Friday, July 10, 2009

NCBI RDF

Following on from the last post, I've now set up a trivial NCBI RDF service at bioguid.info/taxonomy/ (based on the ISSN resolver I released yesterday and announced on the Bibliographic Ontology Specification Group).

If you visit it in a web browser it's nothing special. However, if you choose to display XML you'll see some simple RDF. I've mapped some NCBI fields to corresponding terms in ttp://rs.tdwg.org/ontology/voc/TaxonConcept# (including the deprecated rankString term, which really shouldn't be deprecated, IMHO). I've also extracted what LSIDs I can from any linkouts. For example, a name that appears in Index Fungorum will have the corresponding LSID, likewise for IPNI. URLs are simply listed as rdfs:seeAlso.

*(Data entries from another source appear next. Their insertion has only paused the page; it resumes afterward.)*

lemma max_minus_dp_mult_le:
  assumes \<delta>: "\<delta> > 0"
  shows "max t 0 - dp \<delta> t * t \<le> \<delta> / 4"
proof -
  consider "t > \<delta>" | "t < - \<delta>" | "- \<delta> \<le> t" "t \<le> \<delta>" by linarith
  then show ?thesis
  proof cases
    case 3
    then have "2 * \<delta> * (max t 0 - dp \<delta> t * t) = 2 * \<delta> * max t 0 - (t + \<delta>) * t"
      using \<delta> by (simp add: dp_def field_simps)
    also have "\<dots> \<le> \<delta> * \<delta> / 4"
    proof -
      have "0 \<le> (t + \<delta> / 2)\<^sup>2" "0 \<le> (t - \<delta> / 2)\<^sup>2" by simp_all
      then show ?thesis by (cases "t \<le> 0") (simp_all add: max_def power2_eq_square algebra_simps)
    qed
    also have "\<dots> \<le> 2 * \<delta> * (\<delta> / 4)" using \<delta> by simp
    finally show ?thesis by (rule mult_left_le_imp_le) (use \<delta> in simp)
  qed (use \<delta> in \<open>auto simp: dp_def\<close>)
qed

lemma infdist_halfspace_le_inner_grad_hpen:
  assumes a: "a \<noteq> 0" and \<delta>: "\<delta> > 0" and x': "x' \<in> halfspace a b"
  shows "infdist x (halfspace a b) \<le> inner (grad_hpen \<delta> a b x) (x - x') + \<delta> / (4 * norm a)"
proof -
  define t where "t = inner a x - b"
  have N: "norm a > 0" using a by simp
  have "dp \<delta> t * t / norm a \<le> dp \<delta> t / norm a * (inner a x - inner a x')"
    using x' dp_bounds(1)[OF \<delta>, of t] N unfolding t_def halfspace_eq_le
    by (simp add: mult_left_mono divide_right_mono)
  also have "\<dots> = inner (grad_hpen \<delta> a b x) (x - x')"
    unfolding grad_hpen_def t_def by (simp add: inner_diff_right right_diff_distrib diff_divide_distrib)
  finally have inner: "dp \<delta> t * t / norm a \<le> inner (grad_hpen \<delta> a b x) (x - x')" .
  have "max t 0 / norm a \<le> dp \<delta> t * t / norm a + \<delta> / (4 * norm a)"
    using max_minus_dp_mult_le[OF \<delta>, of t] N by (simp add: field_simps)
  with infdist_halfspace_le[OF a, of x b] inner show ?thesis unfolding t_def by linarith
qed

lemma sum4_sq_le:
  fixes p q r u :: real
  shows "(p + q + r + u)\<^sup>2 \<le> 4 * (p\<^sup>2 + q\<^sup>2 + r\<^sup>2 + u\<^sup>2)"
proof -
  have "0 \<le> (p - q)\<^sup>2 + (p - r)\<^sup>2 + (p - u)\<^sup>2 + (q - r)\<^sup>2 + (q - u)\<^sup>2 + (r - u)\<^sup>2" by simp
  then show ?thesis by (simp add: power2_eq_square algebra_simps)
qed

lemma norm_add_scaleR_sq_le:
  fixes G h y x' :: "'a::real_normed_vector"
  assumes G: "norm G \<le> M1 * norm y + M2" and M1: "M1 \<ge> 0" and x': "norm x' \<le> B"
    and h: "norm h \<le> 1" and \<gamma>: "\<gamma> \<ge> 0"
  shows "(norm (G + \<gamma> *\<^sub>R h))\<^sup>2 \<le> 4 * M1\<^sup>2 * (norm (y - x'))\<^sup>2 + 4 * (M1\<^sup>2 * B\<^sup>2 + M2\<^sup>2 + \<gamma>\<^sup>2)"
proof -
  have "norm y \<le> norm (y - x') + B" using norm_triangle_sub[of y x'] x' by simp
  then have "norm G \<le> M1 * norm (y - x') + M1 * B + M2"
    using G M1 by (smt (verit) distrib_left mult_left_mono)
  moreover have "norm (\<gamma> *\<^sub>R h) \<le> \<gamma>" using h \<gamma> by (simp add: mult_left_le)
  ultimately have "norm (G + \<gamma> *\<^sub>R h) \<le> M1 * norm (y - x') + M1 * B + M2 + \<gamma>"
    using norm_triangle_ineq[of G "\<gamma> *\<^sub>R h"] by linarith
  then have "(norm (G + \<gamma> *\<^sub>R h))\<^sup>2 \<le> (M1 * norm (y - x') + M1 * B + M2 + \<gamma>)\<^sup>2"
    by (rule power_mono) simp
  also have "\<dots> \<le> 4 * ((M1 * norm (y - x'))\<^sup>2 + (M1 * B)\<^sup>2 + M2\<^sup>2 + \<gamma>\<^sup>2)"
    by (rule sum4_sq_le)
  finally show ?thesis by (simp add: power_mult_distrib algebra_simps)
qed

lemma optval_eq_optset:
  assumes "x \<in> optset f X"
  shows "optval f X = f x"
  unfolding optval_def
proof (rule antisym)
  have "x \<in> X" and min: "\<And>y. y \<in> X \<Longrightarrow> f x \<le> f y" using assms unfolding optset_def by auto
  then show "(INF y\<in>X. f y) \<le> f x" by (intro cINF_lower bdd_belowI2) auto
  show "f x \<le> (INF y\<in>X. f y)" using \<open>x \<in> X\<close> min by (intro cINF_greatest) auto
qed

lemma infdist_eq_dist_closest_point:
  "closed S \<Longrightarrow> S \<noteq> {} \<Longrightarrow> infdist x S = dist x (closest_point S x)"
  by (simp add: infdist_eq_setdist setdist_closest_point)

lemma subdiff_gap_le:
  assumes "v \<in> subdiff f z"
  shows "f z - f y \<le> norm v * dist y z"
proof -
  have "f z + inner v (y - z) \<le> f y" using assms unfolding subdiff_def by blast
  moreover have "- inner v (y - z) \<le> norm v * dist y z"
    using Cauchy_Schwarz_ineq2[of v "y - z"] by (simp add: dist_norm)
  ultimately show ?thesis by linarith
qed

lemma optimal_gap_le_infdist:
  fixes f :: "'a::euclidean_space \<Rightarrow> real"
  assumes f: "convex_on UNIV f" and X: "closed X" "convex X" and opt: "x' \<in> optset f X"
    and bound: "\<And>v. v \<in> subdiff f x' \<Longrightarrow> norm v \<le> B"
  shows "f x' - f y \<le> B * infdist y X"
proof -
  have x': "x' \<in> X" and min: "\<And>z. z \<in> X \<Longrightarrow> f x' \<le> f z"
    using opt unfolding optset_def by auto
  obtain v where v: "v \<in> subdiff f x'" and var: "\<And>z. z \<in> X \<Longrightarrow> inner v (z - x') \<ge> 0"
    using subdiff_optimality[OF f X(2) x' min] by blast
  define p where "p = closest_point X y"
  have p: "p \<in> X" unfolding p_def using X(1) x' by (auto intro: closest_point_in_set)
  have dist_p: "dist y p = infdist y X"
    unfolding p_def using X(1) x' by (metis empty_iff infdist_eq_dist_closest_point)
  have "f x' + inner v (y - x') \<le> f y" using v unfolding subdiff_def by blast
  moreover have "inner v (y - x') = inner v (y - p) + inner v (p - x')"
    by (simp add: inner_diff_right)
  moreover have "- inner v (y - p) \<le> B * infdist y X"
    unfolding dist_p[symmetric]
    using Cauchy_Schwarz_ineq2[of v "y - p"] bound[OF v] zero_le_dist[of y p]
    by (smt (verit, best) dist_norm mult_right_mono)
  ultimately show ?thesis using var[OF p] by linarith
qed

lemma closest_point_gap_le:
  fixes f :: "'a::euclidean_space \<Rightarrow> real"
  assumes f: "convex_on UNIV f" and X: "closed X" "convex X" "x' \<in> X"
    and growth: "\<And>z v. v \<in> subdiff f z \<Longrightarrow> norm v \<le> M1 * norm z + M2" and M1: "M1 \<ge> 0"
  shows "f (closest_point X y) - f y \<le> (M1 * (norm (y - x') + norm x') + M2) * infdist y X"
proof -
  define p where "p = closest_point X y"
  obtain w where w: "w \<in> subdiff f p" using subdiff_nonempty[OF f] by blast
  have "norm (p - x') \<le> norm (y - x')"
    using closest_point_lipschitz[OF X(2,1), of y x'] closest_point_self[OF X(3)] X
    unfolding p_def dist_norm by auto
  then have "norm p \<le> norm (y - x') + norm x'" using norm_triangle_sub[of p x'] by linarith
  then have "norm w \<le> M1 * (norm (y - x') + norm x') + M2"
    using growth[OF w] M1 by (smt (verit) mult_left_mono)
  moreover have "dist y p = infdist y X"
    unfolding p_def using X(1,3) by (metis empty_iff infdist_eq_dist_closest_point)
  ultimately show ?thesis
    using subdiff_gap_le[OF w, of y] zero_le_dist[of y p] unfolding p_def
    by (smt (verit, best) mult_right_mono)
qed

lemma neg_inner_subgrad_le:
  fixes f :: "'a::euclidean_space \<Rightarrow> real"
  assumes f: "convex_on UNIV f" and X: "closed X" "convex X" and opt: "x' \<in> optset f X"
    and x'_bound: "norm x' \<le> B" and subgrad_bound: "\<And>v. v \<in> subdiff f x' \<Longrightarrow> norm v \<le> B"
    and growth: "\<And>z v. v \<in> subdiff f z \<Longrightarrow> norm v \<le> M1 * norm z + M2" and M1: "M1 \<ge> 0"
    and \<rho>: "0 \<le> \<rho>" "\<rho> \<le> 1" and g: "g \<in> subdiff f y"
  shows "- inner g (y - x') \<le> ((1 - \<rho>) * B + \<rho> * (M1 * B + M2)) * infdist y X
    + \<rho> * (optval f X - f (closest_point X y)) + \<rho> * M1 * norm (y - x') * infdist y X"
proof -
  define D where "D = infdist y X"
  define p where "p = closest_point X y"
  have x': "x' \<in> X" using opt unfolding optset_def by auto
  have "f y + inner g (x' - y) \<le> f x'" using g unfolding subdiff_def by blast
  then have "- inner g (y - x') \<le> f x' - f y" by (simp add: inner_diff_right)
  also have "\<dots> = (1 - \<rho>) * (f x' - f y) + \<rho> * ((f p - f y) + (f x' - f p))"
    by (simp add: algebra_simps)
  also have "\<dots> \<le> (1 - \<rho>) * (B * D) + \<rho> * ((M1 * (norm (y - x') + norm x') + M2) * D + (f x' - f p))"
    unfolding D_def p_def using \<rho>
    by (intro add_mono mult_left_mono optimal_gap_le_infdist[OF f X opt subgrad_bound]
        closest_point_gap_le[OF f X x' growth M1]) auto
  also have "\<dots> \<le> (1 - \<rho>) * (B * D) + \<rho> * ((M1 * (norm (y - x') + B) + M2) * D + (f x' - f p))"
    using x'_bound M1 \<rho> infdist_nonneg[of y X] unfolding D_def
    by (intro add_mono mult_left_mono mult_right_mono order_refl) auto
  finally show ?thesis
    unfolding optval_eq_optset[OF opt] D_def[symmetric] p_def[symmetric] by (simp add: algebra_simps)
qed

lemma norm_step_sq_le:
  fixes e G h :: "'a::real_inner"
  assumes s: "s \<ge> 0" and \<gamma>: "\<gamma> \<ge> 0"
    and objective: "- inner G e \<le> P" and penalty: "D \<le> inner h e + c"
    and direction: "(norm (G + \<gamma> *\<^sub>R h))\<^sup>2 \<le> Q"
  shows "(norm (e - s *\<^sub>R (G + \<gamma> *\<^sub>R h)))\<^sup>2
    \<le> (norm e)\<^sup>2 + 2 * s * P + 2 * s * \<gamma> * c - 2 * s * \<gamma> * D + s\<^sup>2 * Q"
proof -
  have "(norm (e - s *\<^sub>R (G + \<gamma> *\<^sub>R h)))\<^sup>2
      = (norm e)\<^sup>2 - 2 * s * inner G e - 2 * s * \<gamma> * inner h e + s\<^sup>2 * (norm (G + \<gamma> *\<^sub>R h))\<^sup>2"
    unfolding power2_norm_eq_inner
    by (simp add: inner_diff_left inner_diff_right inner_add_left inner_commute
        power2_eq_square algebra_simps)
  moreover note mult_left_mono[OF objective, of "2 * s"] mult_left_mono[OF penalty, of "2 * s * \<gamma>"]
    mult_left_mono[OF direction, of "s\<^sup>2"]
  ultimately show ?thesis using s \<gamma> by (simp add: algebra_simps)
qed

Here's the RDF for NCBI taxon 101855 (you can grab this from http://bioguid.info/taxonomy/101855):


<?xml version="1.0" encoding="utf-8"?>
<rdf:RDF xmlns:rdf="http://www.w3.org/1999/02/22-rdf-syntax-ns#"
xmlns:rdfs="http://www.w3.org/2000/01/rdf-schema#"
xmlns:dcterms="http://purl.org/dc/terms/"
xmlns:tcommon="http://rs.tdwg.org/ontology/voc/Common#"
xmlns:tc="http://rs.tdwg.org/ontology/voc/TaxonConcept#">
<tc:TaxonConcept rdf:about="taxonomy:101855 ">
<dcterms:title>Lulworthia uniseptata</dcterms:title>
<dcterms:created>1999-08-16</dcterms:created>
<dcterms:modified>2005-01-19</dcterms:modified>
<dcterms:issued>1999-09-14</dcterms:issued>
<tc:nameString>Lulworthia uniseptata</tc:nameString><tc:rankString>species</tc:rankString>
<tcommon:taxonomicPlacementFormal>cellular organisms, Eukaryota, Fungi/Metazoa group, Fungi, Dikarya, Ascomycota, Pezizomycotina, Sordariomycetes, Sordariomycetes incertae sedis, Lulworthiales, Lulworthiaceae, Lulworthia</tcommon:taxonomicPlacementFormal>
<tc:hasName rdf:resource="urn:lsid:indexfungorum.org:names:105488"/>
<rdfs:seeAlso rdf:resource="http://www.marinespecies.org/aphia.php?p=taxdetails&id=100407"/>
<rdfs:seeAlso rdf:resource="http://www.mycobank.org/MycoTaxo.aspx?Link=T&Rec=105488"/>
<rdfs:seeAlso rdf:resource="http://www.indexfungorum.org/Names/namesrecord.asp?RecordId=105488"/>
<rdfs:seeAlso rdf:resource="http://www.itis.gov/servlet/SingleRpt/SingleRpt?search_topic=TSN&search_value=194551"/>
<rdfs:seeAlso rdf:resource="http://www.mycobank.org/MycoTaxo.aspx?Link=T&Rec=341143"/>
</tc:TaxonConcept>
</rdf:RDF>


Note the tc:hasName link to urn:lsid:indexfungorum.org:names:105488.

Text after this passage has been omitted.